Topical glyceryl trinitrate 0.4% ointment was initiated, applied to the affected digits twice daily, and the patient was referred for rheumatology evaluation. Eight days after the initial sting, she was assessed by a consultant rheumatologist and diagnosed with secondary Raynaud syndrome. Amlodipine 5 mg orally once daily was initiated as a temporary measure, with plans for reassessment and discontinuation upon symptom resolution.
Basic laboratory evaluation for autoimmune etiologies was considered but not completed due to significant clinical improvement. Doppler ultrasonography was suggested but not pursued, as palpable pulses, preserved capillary refill, and rapid response to vasodilator therapy made significant arterial occlusion unlikely.
During the follow‑up telephone review approximately 10 days later, the patient reported marked improvement in pain, discoloration, and cold sensitivity, with no progression or recurrence of symptoms.
Although most jellyfish stings result in benign local reactions, severe vascular complications have been reported, ranging from Raynaud‑like vasospasm to digital ischemia and, in rare cases, gangrene.
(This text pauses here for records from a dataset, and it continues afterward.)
lemma op_mul_eq_sum:
  assumes "ord_less d K" "ord_less e J"
  shows "op_mul d e n = (\<Sum>i<K. \<Sum>j<J. \<Sum>l\<le>i.
      if i + j - l = n then of_nat (i choose l) * d i * (fderiv ^^ l) (e j) else 0)"
proof -
  define F where "F i j = (\<Sum>l\<le>i.
      if i + j - l = n then of_nat (i choose l) * d i * (fderiv ^^ l) (e j) else 0)" for i j
  have "op_mul d e n = (\<Sum>i\<in>{i. d i \<noteq> 0}. \<Sum>j\<in>{j. e j \<noteq> 0}. F i j)"
    by (simp add: op_mul_def F_def)
  also have "\<dots> = (\<Sum>i\<in>{i. d i \<noteq> 0}. \<Sum>j<J. F i j)"
    by (rule sum.cong[OF refl], rule sum_support_eq_sum_lessThan[OF assms(2)])
      (simp add: F_def cong: if_cong)
  also have "\<dots> = (\<Sum>i<K. \<Sum>j<J. F i j)"
    by (rule sum_support_eq_sum_lessThan[OF assms(1)]) (simp add: F_def cong: if_cong)
  finally show ?thesis by (simp add: F_def)
qed

lemma ord_less_op_const: "ord_less (op_const c) (Suc 0)"
  by (simp add: ord_less_def op_const_def)

lemma op_ad_eq_sum:
  assumes "ord_less d K"
  shows "op_ad p d n = (\<Sum>i<K. \<Sum>l\<le>i.
      if i - l = n then of_nat (i choose l) * d i * emb ((pderiv ^^ l) p) else 0) - emb p * d n"
proof -
  have "op_mul (op_const (emb p)) d n = (\<Sum>j<K. if j = n then emb p * d j else 0)"
    unfolding op_mul_eq_sum[OF ord_less_op_const assms]
    by (simp only: sum.lessThan_Suc lessThan_0 sum.empty add_0 atMost_0) (simp add: op_const_def)
  also have "\<dots> = emb p * d n"
    using assms by (auto simp: ord_less_def)
  finally have left: "op_mul (op_const (emb p)) d n = emb p * d n" .
  have right: "op_mul d (op_const (emb p)) n = (\<Sum>i<K. \<Sum>l\<le>i.
      if i - l = n then of_nat (i choose l) * d i * emb ((pderiv ^^ l) p) else 0)"
    unfolding op_mul_eq_sum[OF assms ord_less_op_const] by (simp add: op_const_def cong: if_cong)
  show ?thesis
    by (simp add: op_ad_def left right)
qed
Binnetoglu et al. described digital necrosis following a jellyfish sting in a pediatric patient, emphasizing the potential severity of toxin‑mediated vasospastic responses even in individuals without underlying connective tissue disease [1].
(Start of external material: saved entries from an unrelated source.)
(* Let $d$ be a positive integer and $q$ a prime power with $(d,q)\notin\{(1,2),(1,3),(2,2)\}$. Then every element of $\operatorname{GL}_d(q)$ is a product of two fixed-point-free elements of $\operatorname{GL}_d(q)$, where $A\in\operatorname{GL}_d(q)$ is called fixed-point-free if the only vector $v\in\mathbb{F}_q^d$ with $vA=v$ is $v=0$ (equivalently, $A$ is a derangement in the natural action of $\operatorname{GL}_d(q)$ on $\mathbb{F}_q^d\setminus\{0\}$).
   Context: $\operatorname{GL}_d(q)$ is the group of invertible $(d\times d)$-matrices over $\mathbb{F}_q$, acting on row vectors by right multiplication. *)

theory Defs
  imports "HOL-Analysis.Analysis"
begin

definition fixed_point_free :: "('a::field) ^'n^'n \<Rightarrow> bool" where
  "fixed_point_free A \<longleftrightarrow> (\<forall>v :: 'a^'n. v v* A = v \<longrightarrow> v = 0)"

end

theory Submission
  imports Defs "Jordan_Normal_Form.Determinant" "Jordan_Normal_Form.Column_Operations"
    "HOL-Number_Theory.Residues"
begin

(* Writing A = B (inv B * A), it suffices to find B with B, B - 1 and A - B invertible. Taking B
   block lower triangular, a Schur complement argument reduces this to the same problem for the
   trailing diagonal block H of A and for some perturbation G - R W of its leading block G. Over
   a field with at least four elements every 1 by 1 block is solvable, which gives the result by
   induction. Over F_3 only the 1 by 1 block -1 fails, and over F_2 all 1 by 1 blocks and some
   2 by 2 blocks fail; there a similarity (permutations and one elementary shear) first brings a
   suitable entry into position, the freedom in W is used, and the base cases (all 2 by 2 matrices
   and -1 of size 3 over F_3, all 3 by 3 matrices and a 2 by 2 criterion over F_2) are settled by
   explicit witnesses whose determinants are computed over the integers. *)

section \<open>Decomposable matrices\<close>

text \<open>The induction passes to diagonal blocks, so the notion is needed for singular A as well.\<close>

definition fpf_decomposable :: "nat \<Rightarrow> 'a::field mat \<Rightarrow> bool" where
  "fpf_decomposable n A \<longleftrightarrow>
     (\<exists>B \<in> carrier_mat n n. det B \<noteq> 0 \<and> det (B - 1\<^sub>m n) \<noteq> 0 \<and> det (A - B) \<noteq> 0)"

lemma fpf_decomposableI:
  "B \<in> carrier_mat n n \<Longrightarrow> det B \<noteq> 0 \<Longrightarrow> det (B - 1\<^sub>m n) \<noteq> 0 \<Longrightarrow> det (A - B) \<noteq> 0
    \<Longrightarrow> fpf_decomposable n A"
  unfolding fpf_decomposable_def by blast

lemma fpf_decomposable_dim0: "fpf_decomposable 0 A"
proof -
  have "det (A - 1\<^sub>m 0) = 1" by (rule det_dim_zero) (rule minus_carrier_mat, simp)
  moreover have "det (1\<^sub>m 0 - 1\<^sub>m 0 :: 'a mat) = 1" by (rule det_dim_zero) (rule minus_carrier_mat, simp)
  ultimately show ?thesis by (intro fpf_decomposableI[of "1\<^sub>m 0"]) auto
qed

lemma fpf_decomposable_similar:
  assumes "similar_mat A A'" and "A' \<in> carrier_mat n n" and "fpf_decomposable n A'"
  shows "fpf_decomposable n A"
proof -
  obtain n' P Q where carr: "{A, A', P, Q} \<subseteq> carrier_mat n' n'"
    and PQ: "P * Q = 1\<^sub>m n'" "Q * P = 1\<^sub>m n'" and A: "A = P * A' * Q"
    using similar_matD[OF assms(1)] by blast
  have "n' = n" using carr assms(2) by auto
  then have P: "P \<in> carrier_mat n n" and Q: "Q \<in> carrier_mat n n"
    and PQ: "P * Q = 1\<^sub>m n" "Q * P = 1\<^sub>m n"
    using carr PQ by auto
  have det_conj: "det (P * X * Q) = det X" if "X \<in> carrier_mat n n" for X
    using that P Q PQ by (intro det_similar similar_matI[of "P * X * Q" X P Q n]) auto
  have conj_diff: "P * X * Q - P * Y * Q = P * (X - Y) * Q"
    if "X \<in> carrier_mat n n" "Y \<in> carrier_mat n n" for X Y
  proof -
    have "P * (X - Y) * Q = (P * X - P * Y) * Q"
      using that P by (simp add: mult_minus_distrib_mat)
    also have "\<dots> = P * X * Q - P * Y * Q"
      using that P Q by (intro minus_mult_distrib_mat) auto
    finally show ?thesis by simp
  qed
  have conj_one: "P * 1\<^sub>m n * Q = 1\<^sub>m n"
    using P PQ by simp
  obtain B where B: "B \<in> carrier_mat n n" "det B \<noteq> 0" "det (B - 1\<^sub>m n) \<noteq> 0" "det (A' - B) \<noteq> 0"
    using assms(3) unfolding fpf_decomposable_def by blast
  show ?thesis
  proof (rule fpf_decomposableI[of "P * B * Q"])
    show "P * B * Q \<in> carrier_mat n n" using P B(1) Q by auto
    show "det (P * B * Q) \<noteq> 0" using B by (simp add: det_conj)
    have "P * B * Q - 1\<^sub>m n = P * B * Q - P * 1\<^sub>m n * Q" by (simp only: conj_one)
    also have "\<dots> = P * (B - 1\<^sub>m n) * Q" using B(1) by (intro conj_diff) auto
    finally have "P * B * Q - 1\<^sub>m n = P * (B - 1\<^sub>m n) * Q" .
    then show "det (P * B * Q - 1\<^sub>m n) \<noteq> 0"
      using B det_conj[of "B - 1\<^sub>m n"] by (simp add: minus_carrier_mat)
    have "A - P * B * Q = P * (A' - B) * Q"
      unfolding A using assms(2) B(1) by (rule conj_diff)
    then show "det (A - P * B * Q) \<noteq> 0"
      using B det_conj[of "A' - B"] by (simp add: minus_carrier_mat)
  qed
qed

lemma fpf_decomposable_transpose:
  assumes "A \<in> carrier_mat n n" and "fpf_decomposable n A"
  shows "fpf_decomposable n (transpose_mat A)"
proof -
  obtain B where B: "B \<in> carrier_mat n n" "det B \<noteq> 0" "det (B - 1\<^sub>m n) \<noteq> 0" "det (A - B) \<noteq> 0"
    using assms(2) unfolding fpf_decomposable_def by blast
  have B1: "B - 1\<^sub>m n \<in> carrier_mat n n" and AB: "A - B \<in> carrier_mat n n"
    using B(1) by (auto intro: minus_carrier_mat)
  have "det (transpose_mat B - 1\<^sub>m n) = det (B - 1\<^sub>m n)"
    using B(1) transpose_minus[of B n n "1\<^sub>m n"] det_transpose[OF B1] by simp
  moreover have "det (transpose_mat A - transpose_mat B) = det (A - B)"
    using assms(1) B(1) transpose_minus[of A n n B] det_transpose[OF AB] by simp
  ultimately show ?thesis
    using B by (intro fpf_decomposableI[of "transpose_mat B"]) (simp_all add: det_transpose)
qed

lemma four_block_mat_split:
  assumes "A \<in> carrier_mat (k + m) (k + m)"
  shows "A = four_block_mat (mat k k (\<lambda>(i,j). A $$ (i,j))) (mat k m (\<lambda>(i,j). A $$ (i, k + j)))
    (mat m k (\<lambda>(i,j). A $$ (k + i, j))) (mat m m (\<lambda>(i,j). A $$ (k + i, k + j)))"
  using assms by (intro eq_matI) auto

lemma mult_mat_single_row:
  assumes "R \<in> carrier_mat k m" and "j < m"
  shows "R * mat m l (\<lambda>(i,c). if i = j then w c else 0) = mat k l (\<lambda>(i,c). R $$ (i,j) * w c)"
proof (rule eq_matI)
  fix i c assume "i < dim_row (mat k l (\<lambda>(i,c). R $$ (i,j) * w c))"
    and "c < dim_col (mat k l (\<lambda>(i,c). R $$ (i,j) * w c))"
  then have "(R * mat m l (\<lambda>(i,c). if i = j then w c else 0)) $$ (i,c)
      = (\<Sum>r<m. R $$ (i,r) * (if r = j then w c else 0))"
    using assms(1) by (simp add: scalar_prod_def lessThan_atLeast0)
  also have "\<dots> = R $$ (i,j) * w c"
    using assms(2) by (simp add: if_distrib cong: if_cong)
  finally show "(R * mat m l (\<lambda>(i,c). if i = j then w c else 0)) $$ (i,c)
      = mat k l (\<lambda>(i,c). R $$ (i,j) * w c) $$ (i,c)"
    using \<open>i < _\<close> \<open>c < _\<close> by simp
qed (use assms in auto)

lemma mult_four_block_mat_column_elim:
  fixes G :: "'a::comm_ring_1 mat"
  assumes G: "G \<in> carrier_mat k k" and R: "R \<in> carrier_mat k m"
    and K: "K \<in> carrier_mat m m" and W: "W \<in> carrier_mat m k"
  shows "four_block_mat G R (K * W) K * four_block_mat (1\<^sub>m k) (0\<^sub>m k m) (- W) (1\<^sub>m m)
    = four_block_mat (G - R * W) R (0\<^sub>m m k) K"
proof -
  have KW: "K * W \<in> carrier_mat m k" and RW: "R * W \<in> carrier_mat k k" using K R W by simp_all
  have "four_block_mat G R (K * W) K * four_block_mat (1\<^sub>m k) (0\<^sub>m k m) (- W) (1\<^sub>m m)
      = four_block_mat (G * 1\<^sub>m k + R * - W) (G * 0\<^sub>m k m + R * 1\<^sub>m m)
          (K * W * 1\<^sub>m k + K * - W) (K * W * 0\<^sub>m k m + K * 1\<^sub>m m)"
    using G R K KW W by (intro mult_four_block_mat) auto
  also have "\<dots> = four_block_mat (G - R * W) R (0\<^sub>m m k) K"
  proof (rule cong_four_block_mat)
    show "G * 1\<^sub>m k + R * - W = G - R * W"
      using G R W RW by (simp add: minus_add_uminus_mat[OF G RW])
    show "G * 0\<^sub>m k m + R * 1\<^sub>m m = R" using G R by simp
    show "K * W * 1\<^sub>m k + K * - W = 0\<^sub>m m k"
      using K W KW by (simp add: minus_add_uminus_mat[OF KW KW, symmetric])
    show "K * W * 0\<^sub>m k m + K * 1\<^sub>m m = K" using K KW by (simp add: right_mult_zero_mat)
  qed
  finally show ?thesis .
qed

text \<open>B is block lower triangular with diagonal blocks X and X', and its lower left block is chosen
  so that the column operation E makes A - B block upper triangular.\<close>

lemma fpf_decomposable_four_block:
  assumes G: "G \<in> carrier_mat k k" and R: "R \<in> carrier_mat k m"
    and S: "S \<in> carrier_mat m k" and H: "H \<in> carrier_mat m m" and W: "W \<in> carrier_mat m k"
    and GRW: "fpf_decomposable k (G - R * W)" and H_dec: "fpf_decomposable m H"
  shows "fpf_decomposable (k + m) (four_block_mat G R S H)"
proof -
  obtain X where X: "X \<in> carrier_mat k k" "det X \<noteq> 0" "det (X - 1\<^sub>m k) \<noteq> 0"
    "det (G - R * W - X) \<noteq> 0"
    using GRW unfolding fpf_decomposable_def by blast
  obtain X' where X': "X' \<in> carrier_mat m m" "det X' \<noteq> 0" "det (X' - 1\<^sub>m m) \<noteq> 0"
    "det (H - X') \<noteq> 0"
    using H_dec unfolding fpf_decomposable_def by blast
  define K where "K = H - X'"
  define B where "B = four_block_mat X (0\<^sub>m k m) (S - K * W) X'"
  define E where "E = four_block_mat (1\<^sub>m k) (0\<^sub>m k m) (- W) (1\<^sub>m m)"
  have K: "K \<in> carrier_mat m m" unfolding K_def using X'(1) by (rule minus_carrier_mat)
  have Y: "S - K * W \<in> carrier_mat m k" using K W by (intro minus_carrier_mat) simp
  have B: "B \<in> carrier_mat (k + m) (k + m)" using X(1) X'(1) Y by (simp add: B_def)
  have det_B: "det B = det X * det X'"
    unfolding B_def by (rule det_four_block_mat_upper_right_zero[OF X(1) refl Y X'(1)])
  have "B - 1\<^sub>m (k + m) = four_block_mat (X - 1\<^sub>m k) (0\<^sub>m k m) (S - K * W) (X' - 1\<^sub>m m)"
    unfolding B_def using X(1) X'(1) Y by (intro eq_matI) auto
  then have det_B1: "det (B - 1\<^sub>m (k + m)) = det (X - 1\<^sub>m k) * det (X' - 1\<^sub>m m)"
    using det_four_block_mat_upper_right_zero[OF _ refl Y, of "X - 1\<^sub>m k" "X' - 1\<^sub>m m"]
    by (simp add: minus_carrier_mat)
  have "four_block_mat G R S H - B = four_block_mat (G - X) R (K * W) K"
    unfolding B_def K_def using G R S H X(1) X'(1) W by (intro eq_matI) auto
  moreover have "G - X - R * W = G - R * W - X" using G R W X(1) by (intro eq_matI) auto
  ultimately have "(four_block_mat G R S H - B) * E = four_block_mat (G - R * W - X) R (0\<^sub>m m k) K"
    using mult_four_block_mat_column_elim[OF minus_carrier_mat[OF X(1)] R K W] by (simp add: E_def)
  then have "det ((four_block_mat G R S H - B) * E) = det (G - R * W - X) * det K"
    using det_four_block_mat_lower_left_zero[OF minus_carrier_mat[OF X(1)] R refl K] by simp
  moreover have "det E = 1"
    unfolding E_def
    using det_four_block_mat_upper_right_zero[OF one_carrier_mat refl uminus_carrier_mat[OF W]
        one_carrier_mat] by simp
  moreover have "four_block_mat G R S H - B \<in> carrier_mat (k + m) (k + m)" using B by auto
  ultimately have "det (four_block_mat G R S H - B) \<noteq> 0"
    using X(4) X'(4) W by (simp add: det_mult[of _ "k + m"] E_def K_def)
  then show ?thesis
    using B X X' det_B det_B1 by (intro fpf_decomposableI[OF B]) auto
qed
Several reports have described the use of intravenous prostacyclin analogs such as iloprost for severe or refractory jellyfish‑associated digital ischemia [2,3]. While these therapies may be effective in advanced cases with threatened tissue viability, they were not required in the present case.
In contrast, our patient demonstrated significant improvement with topical glyceryl trinitrate and oral calcium‑channel blockade, highlighting the effectiveness of conservative, readily available vasodilator therapies when vasospasm is recognized early. This aligns with the proposed pathophysiology of jellyfish stings, in which venom components, including vasoactive peptides, neurotoxins, and catecholamine‑like substances, may induce endothelial dysfunction and intense vasoconstriction, resulting in delayed vasospasm rather than fixed vascular occlusion.
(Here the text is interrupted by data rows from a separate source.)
lemma depends_on_time_only_if_space_derivative_eq_0:
  fixes xi :: "real \<times> (real^'n) \<Rightarrow> real"
  assumes "\<And>p. xi differentiable at p" and "\<And>t x w. frechet_derivative xi (at (t, x)) (0, w) = 0"
  shows "xi (t, x) = xi (t, 0)"
    and "deriv (\<lambda>s. xi (s, 0)) t = frechet_derivative xi (at (t, x)) (1, 0)"
proof -
  have const: "xi (s, y) = xi (s, 0)" for s y
  proof -
    have "\<And>z. ((\<lambda>z. xi (s, z)) has_derivative (\<lambda>w. 0)) (at z within UNIV)"
      using has_derivative_space_slice[OF assms(1)] by (simp add: assms(2))
    then have "\<exists>c. \<forall>z\<in>UNIV. xi (s, z) = c"
      by (intro has_derivative_zero_constant) auto
    then show ?thesis by auto
  qed
  then show "xi (t, x) = xi (t, 0)" .
  have "(\<lambda>h. frechet_derivative xi (at (t, x)) (h, 0)) =
      (\<lambda>h. frechet_derivative xi (at (t, x)) (1, 0) * h)"
  proof
    fix h :: real
    have "frechet_derivative xi (at (t, x)) (h *\<^sub>R (1, 0)) =
        h *\<^sub>R frechet_derivative xi (at (t, x)) (1, 0)"
      by (rule linear_scale[OF linear_frechet_derivative[OF assms(1)]])
    then show "frechet_derivative xi (at (t, x)) (h, 0) =
        frechet_derivative xi (at (t, x)) (1, 0) * h"
      by (simp add: mult.commute)
  qed
  moreover have "(\<lambda>s. xi (s, x)) = (\<lambda>s. xi (s, 0))"
    using const by blast
  ultimately have "((\<lambda>s. xi (s, 0)) has_derivative
      (\<lambda>h. frechet_derivative xi (at (t, x)) (1, 0) * h)) (at t)"
    using has_derivative_time_slice[OF assms(1), where t = t and y = x] by metis
  then show "deriv (\<lambda>s. xi (s, 0)) t = frechet_derivative xi (at (t, x)) (1, 0)"
    by (intro DERIV_imp_deriv) (simp add: has_field_derivative_def)
qed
The exact jellyfish species could not be identified in this case. However, species known to cause severe vascular effects, including box jellyfish (*Chironex *spp.) and the Portuguese man‑of‑war (Physalia physalis), are encountered in various marine regions worldwide. This underscores the importance of clinical vigilance regardless of confirmed species identification.
Peripheral vasospasm is a rare but important delayed complication of jellyfish stings. Emergency physicians should maintain a high index of suspicion in patients presenting with Raynaud‑like symptoms following marine exposure. Careful vascular examination and timely initiation of vasodilator therapy can lead to rapid symptom resolution and prevent progression to ischemic injury.